EXERCISE REQUIREMENTS:
Restate word for word the lines of the material below, from the line with "obtain as where" to the line with "case (Cons b as)", both lines included, and no others.

GIVEN RECORDS:
lemma Is_Dis: assumes "x \<in> Is G" "y \<in> Is G" shows "Dis x y \<in> Is G"
  unfolding Is_def
proof (intro CollectI allI)
  fix p
  have "Bplus (Dis (Con x p) (Con y p)) \<in> G"
    using mcs_Kthm[OF G CON[of "Con x p" "Con y p"]] assms unfolding Is_def
    by (intro mcs_prop_consequence[OF G, of "[_, Bplus (Con x p), Bplus (Con y p)]"]) auto
  then show "Bplus (Con (Dis x y) p) \<in> G" by (rule mcs_Bplus_cong[OF G]) (auto intro: Kthm_tautology)
qed

lemma Is_falsum: "falsum \<in> Is G"
  unfolding Is_def
proof (intro CollectI allI)
  fix p :: "'p fm"
  have "Kthm (Neg (Con falsum p))" by (rule Kthm_tautology) simp
  then have "Con (Bplus (Neg (Con falsum p))) (Bplus (Neg (Neg (Con falsum p)))) \<in> G"
    by (rule mcs_Kthm[OF G RN])
  then have "Bplus (Neg (Neg (Con falsum p))) \<in> G" by (simp add: mcs_Con[OF G])
  then show "Bplus (Con falsum p) \<in> G" by (rule mcs_Bplus_cong[OF G]) (auto intro: Kthm_tautology)
qed

lemma Is_derives: assumes "derives (Neg ` Is G) (Neg a)" shows "a \<in> Is G"
proof -
  obtain as where "set as \<subseteq> Neg ` Is G" "Kthm (imps as (Neg a))"
    using assms unfolding derives_def by blast
  then show ?thesis
  proof (induction as arbitrary: a)
    case Nil
    then have "Kthm (Imp a falsum)" by (intro Kthm_prop_consequence[of "[Neg a]"]) auto
    then show ?case by (rule Is_antimono[OF Is_falsum])
  next
    case (Cons b as)
    then obtain i where i: "b = Neg i" "i \<in> Is G" by auto
    have "Kthm (imps as (Neg (Con a (Neg i))))"
      using Cons.prems(2) i(1) by (intro Kthm_prop_consequence[of "[imps (b # as) (Neg a)]"]) auto
    then have "Con a (Neg i) \<in> Is G" using Cons.prems(1) by (intro Cons.IH) auto
    then have "Dis (Con a (Neg i)) i \<in> Is G" using i(2) by (rule Is_Dis)
    then show ?case by (rule Is_antimono) (auto intro: Kthm_tautology)
  qed
qed

lemma mcs_Bplus: "Bplus a \<in> G \<longleftrightarrow> a \<in> Fs G \<or> a \<in> Is G"
proof
  assume a: "Bplus a \<in> G"
  show "a \<in> Fs G \<or> a \<in> Is G"
  proof (rule ccontr)
    assume "\<not> ?thesis"
    then obtain p q where "Bplus (Dis a p) \<notin> G" "Bplus (Con a q) \<notin> G"
      unfolding Fs_def Is_def by blast
    then have "Neg (Bplus (Dis a p)) \<in> G" "Neg (Bplus (Con a q)) \<in> G"
      by (simp_all add: mcs_Neg[OF G])
    moreover have "Imp (Bplus a) (Dis (Bplus (Dis a p)) (Bplus (Con a q))) \<in> G"
      using mcs_Kthm[OF G DIS] by blast
    ultimately have "falsum \<in> G" using a
      by (intro mcs_prop_consequence[OF G, of "[Imp (Bplus a) (Dis (Bplus (Dis a p)) (Bplus (Con a q))),
        Bplus a, Neg (Bplus (Dis a p)), Neg (Bplus (Con a q))]"]) auto
    then show False using mcs_falsum[OF G] by blast
  qed
next
  assume "a \<in> Fs G \<or> a \<in> Is G"
  then have "Bplus (Dis a a) \<in> G \<or> Bplus (Con a a) \<in> G" unfolding Fs_def Is_def by blast
  moreover have "Kthm (Iff (Dis a a) a)" "Kthm (Iff (Con a a) a)" by (auto intro: Kthm_tautology)
  ultimately show "Bplus a \<in> G" using mcs_Bplus_cong[OF G] by blast
qed

lemma Fs_iff: "a \<in> Fs G \<longleftrightarrow> (\<forall>D. mcs D \<and> Fs G \<subseteq> D \<longrightarrow> a \<in> D)"
  using mcs_extension Fs_derives by blast

lemma Is_iff: "a \<in> Is G \<longleftrightarrow> (\<forall>D. mcs D \<and> Is G \<inter> D = {} \<longrightarrow> a \<notin> D)"
proof
  assume "a \<in> Is G"
  then show "\<forall>D. mcs D \<and> Is G \<inter> D = {} \<longrightarrow> a \<notin> D" by blast
next
  assume disjoint: "\<forall>D. mcs D \<and> Is G \<inter> D = {} \<longrightarrow> a \<notin> D"
  show "a \<in> Is G"
  proof (rule ccontr)
    assume "a \<notin> Is G"
    then obtain D where D: "mcs D" "Neg ` Is G \<subseteq> D" "Neg a \<notin> D"
      using Is_derives mcs_extension by blast
    have "Is G \<inter> D = {}" using D(2) by (auto simp: mcs_Neg[OF D(1)])
    moreover have "a \<in> D" using D(3) by (simp add: mcs_Neg[OF D(1)])
    ultimately show False using disjoint D(1) by blast
  qed
qed

end

subsection \<open>The canonical model\<close>

definition full :: "'p fm set \<Rightarrow> bool" where
  "full G \<longleftrightarrow> (\<forall>a. Bplus a \<in> G)"

definition canon_R1 :: "'p fm set \<Rightarrow> 'p fm set \<Rightarrow> bool" where
  "canon_R1 G D \<longleftrightarrow> mcs G \<and> mcs D \<and> (if full G then D = G else Fs G \<subseteq> D)"

definition canon_R2 :: "'p fm set \<Rightarrow> 'p fm set \<Rightarrow> bool" where
  "canon_R2 G D \<longleftrightarrow> mcs G \<and> mcs D \<and> (if full G then D = G else Is G \<inter> D = {})"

WRITTEN ANSWER:
  obtain as where "set as \<subseteq> Neg ` Is G" "Kthm (imps as (Neg a))"
    using assms unfolding derives_def by blast
  then show ?thesis
  proof (induction as arbitrary: a)
    case Nil
    then have "Kthm (Imp a falsum)" by (intro Kthm_prop_consequence[of "[Neg a]"]) auto
    then show ?case by (rule Is_antimono[OF Is_falsum])
  next
    case (Cons b as)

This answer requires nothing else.